And there are secondary considerations as well. For example, the bigger the cache the larger a target it is for soft error-causing cosmic rays (process node reductions of course shrink the physical size, but make the bits easier to flip). The larger L2+ caches get around this by including a lot of error correction circuitry, but that incrases latency and power usage (yet another reason why those caches are slower than L1). From the intro of
a paper (PDF) from Carnegie Mellon
Rising soft-error rates are a major concern for modern microprocessor designers. The reduction in charge stored in memory cells, a result of continued technology scaling, leaves on-chip SRAMs (e.g., caches, TLBs, register files) highly susceptible to soft errors. Coding techniques, such as SECDED ECC (single-error correct, double-error detect), are widely utilized for protecting on-chip SRAMs.

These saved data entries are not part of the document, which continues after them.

(* Let $m\ge 2$ and $G=CK(2m-1)$. Every blocker for the simple Hamiltonian paths of $G$ contains at least two boundary edges.
   Context: $CK(2m-1)$ is the complete convex geometric graph on $2m-1$ points in convex position (vertices of a convex polygon $P$), labelled cyclically $0,\dots,2m-2$, with all segments between vertices as edges; boundary edges are the edges $[i,i+1]$ (mod $2m-1$) of $P$. A simple Hamiltonian path (SHP) is a path through all vertices whose edges pairwise do not cross. A blocker for SHPs is a set of edges of smallest possible size having an edge in common with every SHP. *)

theory Defs
  imports Main
begin

text \<open>The complete convex geometric graph CK(n): vertices 0..n-1 in convex position,
  labelled cyclically; edges are all 2-element subsets of vertices.\<close>

definition ck_edges :: "nat \<Rightarrow> nat set set" where
  "ck_edges n = {e. e \<subseteq> {..<n} \<and> card e = 2}"

text \<open>Two segments between points in convex position cross (in their relative interiors)
  iff their four endpoints are distinct and interleave in the cyclic order; with labels
  0..n-1 this means e = {a,c}, f = {b,d} with a < b < c < d (up to swapping e and f).\<close>

definition crosses :: "nat set \<Rightarrow> nat set \<Rightarrow> bool" where
  "crosses e f \<longleftrightarrow> (\<exists>a b c d. a < b \<and> b < c \<and> c < d \<and>
      ((e = {a, c} \<and> f = {b, d}) \<or> (e = {b, d} \<and> f = {a, c})))"

definition path_edges :: "nat list \<Rightarrow> nat set set" where
  "path_edges xs = {{xs ! i, xs ! Suc i} | i. Suc i < length xs}"

definition is_shp :: "nat \<Rightarrow> nat list \<Rightarrow> bool" where
  "is_shp n xs \<longleftrightarrow> distinct xs \<and> set xs = {..<n} \<and>
     (\<forall>e\<in>path_edges xs. \<forall>f\<in>path_edges xs. \<not> crosses e f)"

definition hits_all_shp :: "nat \<Rightarrow> nat set set \<Rightarrow> bool" where
  "hits_all_shp n B \<longleftrightarrow> (\<forall>xs. is_shp n xs \<longrightarrow> B \<inter> path_edges xs \<noteq> {})"

definition is_blocker :: "nat \<Rightarrow> nat set set \<Rightarrow> bool" where
  "is_blocker n B \<longleftrightarrow> B \<subseteq> ck_edges n \<and> hits_all_shp n B \<and>
     (\<forall>B'. B' \<subseteq> ck_edges n \<and> hits_all_shp n B' \<longrightarrow> card B \<le> card B')"

definition boundary_edges :: "nat \<Rightarrow> nat set set" where
  "boundary_edges n = {{i, Suc i mod n} | i. i < n}"

end

theory Submission
  imports Defs
begin

text \<open>Deleting any one edge from the boundary cycle of the polygon leaves a Hamiltonian path
  running along the boundary, and it is simple because a boundary edge crosses no edge at all.
  So a set of edges meeting every SHP contains, besides any given boundary edge, another one.\<close>

lemma boundary_edge_cases:
  assumes "{x, y} \<in> boundary_edges n" "x < y"
  shows "y = Suc x \<or> (x = 0 \<and> Suc y = n)"
proof -
  obtain i where "i < n" "{x, y} = {i, Suc i mod n}"
    using assms(1) unfolding boundary_edges_def by blast
  moreover have "Suc i < n \<or> Suc i = n"
    using \<open>i < n\<close> by linarith
  ultimately show ?thesis
    using assms(2) by (auto simp: doubleton_eq_iff)
qed

lemma boundary_edge_subset: "e \<in> boundary_edges n \<Longrightarrow> e \<subseteq> {..<n}"
  unfolding boundary_edges_def by auto

lemma boundary_edge_not_crosses:
  assumes e: "e \<in> boundary_edges n" and f: "f \<subseteq> {..<n}"
  shows "\<not> crosses e f"
proof
  assume "crosses e f"
  then obtain a b c d where abcd: "a < b" "b < c" "c < d"
    and "(e = {a, c} \<and> f = {b, d}) \<or> (e = {b, d} \<and> f = {a, c})"
    unfolding crosses_def by blast
  then show False
  proof (elim disjE conjE)
    assume "e = {a, c}" "f = {b, d}"
    then show False
      using boundary_edge_cases[of a c n] e f abcd by auto
  next
    assume "e = {b, d}"
    then show False
      using boundary_edge_cases[of b d n] e abcd by auto
  qed
qed

lemma is_shp_if_path_edges_subset_boundary:
  assumes "distinct xs" "set xs = {..<n}" "path_edges xs \<subseteq> boundary_edges n"
  shows "is_shp n xs"
proof -
  have "\<not> crosses e f" if "e \<in> boundary_edges n" "f \<in> boundary_edges n" for e f
    using boundary_edge_not_crosses[OF that(1) boundary_edge_subset[OF that(2)]] .
  then show ?thesis
    using assms unfolding is_shp_def by blast
qed

lemma hd_last_notin_path_edges:
  assumes "distinct xs" "length xs \<ge> 3"
  shows "{hd xs, last xs} \<notin> path_edges xs"
proof
  assume "{hd xs, last xs} \<in> path_edges xs"
  then obtain i where i: "Suc i < length xs" "{hd xs, last xs} = {xs ! i, xs ! Suc i}"
    unfolding path_edges_def by blast
  have "hd xs = xs ! 0" "last xs = xs ! (length xs - 1)"
    using assms(2) by (auto simp: hd_conv_nth last_conv_nth simp flip: length_greater_0_conv)
  with i have "xs ! 0 \<in> {xs ! i, xs ! Suc i}" "xs ! (length xs - 1) \<in> {xs ! i, xs ! Suc i}"
    by auto
  moreover have "0 < length xs" "length xs - 1 < length xs" "i < length xs"
    using i(1) by auto
  ultimately have "0 \<in> {i, Suc i}" "length xs - 1 \<in> {i, Suc i}"
    using i(1) by (auto simp: nth_eq_iff_index_eq[OF assms(1)])
  then show False
    using assms(2) by auto
qed

text \<open>The vertices \<open>j + 1, j + 2, \<dots>, j\<close> taken mod \<open>n\<close>: the boundary cycle with the edge
  \<open>{j, j + 1}\<close> removed.\<close>

definition boundary_path :: "nat \<Rightarrow> nat \<Rightarrow> nat list" where
  "boundary_path n j = rotate (Suc j) [0..<n]"

lemma length_boundary_path [simp]: "length (boundary_path n j) = n"
  by (simp add: boundary_path_def)

lemma nth_boundary_path: "i < n \<Longrightarrow> boundary_path n j ! i = (Suc j + i) mod n"
  unfolding boundary_path_def by (subst nth_rotate) auto

lemma distinct_boundary_path: "distinct (boundary_path n j)"
  by (simp add: boundary_path_def)

lemma set_boundary_path: "set (boundary_path n j) = {..<n}"
  by (auto simp: boundary_path_def)

lemma boundary_path_eq_Nil_iff [simp]: "boundary_path n j = [] \<longleftrightarrow> n = 0"
  by (simp add: boundary_path_def)

lemma hd_boundary_path: "0 < n \<Longrightarrow> hd (boundary_path n j) = Suc j mod n"
  by (simp add: hd_conv_nth nth_boundary_path)

lemma last_boundary_path: "j < n \<Longrightarrow> last (boundary_path n j) = j"
  by (simp add: last_conv_nth nth_boundary_path)

lemma path_edges_boundary_path: "path_edges (boundary_path n j) \<subseteq> boundary_edges n"
proof
  fix e assume "e \<in> path_edges (boundary_path n j)"
  then obtain i where "Suc i < n" "e = {(Suc j + i) mod n, (Suc j + Suc i) mod n}"
    unfolding path_edges_def by (auto simp: nth_boundary_path)
  then have "e = {(Suc j + i) mod n, Suc ((Suc j + i) mod n) mod n}"
    by (simp add: mod_Suc_eq)
  moreover have "(Suc j + i) mod n < n"
    using \<open>Suc i < n\<close> by simp
  ultimately show "e \<in> boundary_edges n"
    unfolding boundary_edges_def by blast
qed

lemma boundary_path_avoids_edge:
  assumes "n \<ge> 3" "j < n"
  shows "{j, Suc j mod n} \<notin> path_edges (boundary_path n j)"
  using hd_last_notin_path_edges[of "boundary_path n j"] assms
  by (simp add: distinct_boundary_path hd_boundary_path last_boundary_path insert_commute)

lemma is_shp_boundary_path: "is_shp n (boundary_path n j)"
  by (intro is_shp_if_path_edges_subset_boundary distinct_boundary_path set_boundary_path
      path_edges_boundary_path)

lemma hits_all_shp_boundary_edges:
  assumes "n \<ge> 3" and hits: "hits_all_shp n B"
  shows "card (B \<inter> boundary_edges n) \<ge> 2"
proof -
  have other_boundary_edge: "\<exists>e \<in> B \<inter> boundary_edges n. e \<noteq> {j, Suc j mod n}" if "j < n" for j
  proof -
    have "B \<inter> path_edges (boundary_path n j) \<noteq> {}"
      using hits is_shp_boundary_path unfolding hits_all_shp_def by blast
    then obtain e where "e \<in> B" "e \<in> path_edges (boundary_path n j)"
      by blast
    moreover have "{j, Suc j mod n} \<notin> path_edges (boundary_path n j)"
      using boundary_path_avoids_edge[OF \<open>n \<ge> 3\<close> that] .
    ultimately have "e \<in> boundary_edges n" "e \<noteq> {j, Suc j mod n}"
      using path_edges_boundary_path by auto
    with \<open>e \<in> B\<close> show ?thesis
      by blast
  qed
  obtain e where e: "e \<in> B \<inter> boundary_edges n"
    using other_boundary_edge[of 0] assms(1) by auto
  then obtain j where "j < n" "e = {j, Suc j mod n}"
    unfolding boundary_edges_def by blast
  with other_boundary_edge obtain e' where e': "e' \<in> B \<inter> boundary_edges n" "e' \<noteq> e"
    by blast
  have "finite (B \<inter> boundary_edges n)"
    unfolding boundary_edges_def by simp
  moreover have "{e, e'} \<subseteq> B \<inter> boundary_edges n"
    using e e'(1) by blast
  ultimately have "card {e, e'} \<le> card (B \<inter> boundary_edges n)"
    by (rule card_mono)
  then show ?thesis
    using e'(2) by simp
qed

theorem mainTheorem4:
  fixes m :: nat and B :: "nat set set"
  assumes "m \<ge> 2"
    and "is_blocker (2 * m - 1) B"
  shows "card (B \<inter> boundary_edges (2 * m - 1)) \<ge> 2"
proof (rule hits_all_shp_boundary_edges)
  show "2 * m - 1 \<ge> 3"
    using assms(1) by simp
  show "hits_all_shp (2 * m - 1) B"
    using assms(2) unfolding is_blocker_def by simp
qed

end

For L1 data caches, however, where low access latencies are critical, the additional delay to correct ECC errors prohibits inline correction on a read. In the event an error is detected on a read, recent designs such as the AMD Opteron throw a machine check exception asynchronously, potentially halting the machine to prevent silent data corruption.
Further compounding problems, recent work suggests that spatial multi-bit errors, where a single cosmic particle strike upsets multiple neighboring memory cells, are increasingly likely at future technology nodes. Bit interleaving, also called column multiplexing, is the conventional approach used to protect memory arrays from spatial multi-bit errors. In bit interleaving, bits belonging to multiple ECC check words are physically interleaved so that a spatial multi-bit error does not affect adjacent bits from a single check word. For SRAMs in a high-performance processor, however, our results indicate that interleaving beyond two-way is prohibitively expensive from a power perspective as a result of the additional precharging of bitlines from the interleaved data.
The bigger the L1 cache, the more they have to worry about soft errors (and what to do about them). This may not be as important a factor in keeping L1 caches small as some of the other things already mentioned, but when you're designing the critical path parts of a processor
everything has an effect that has to be considered.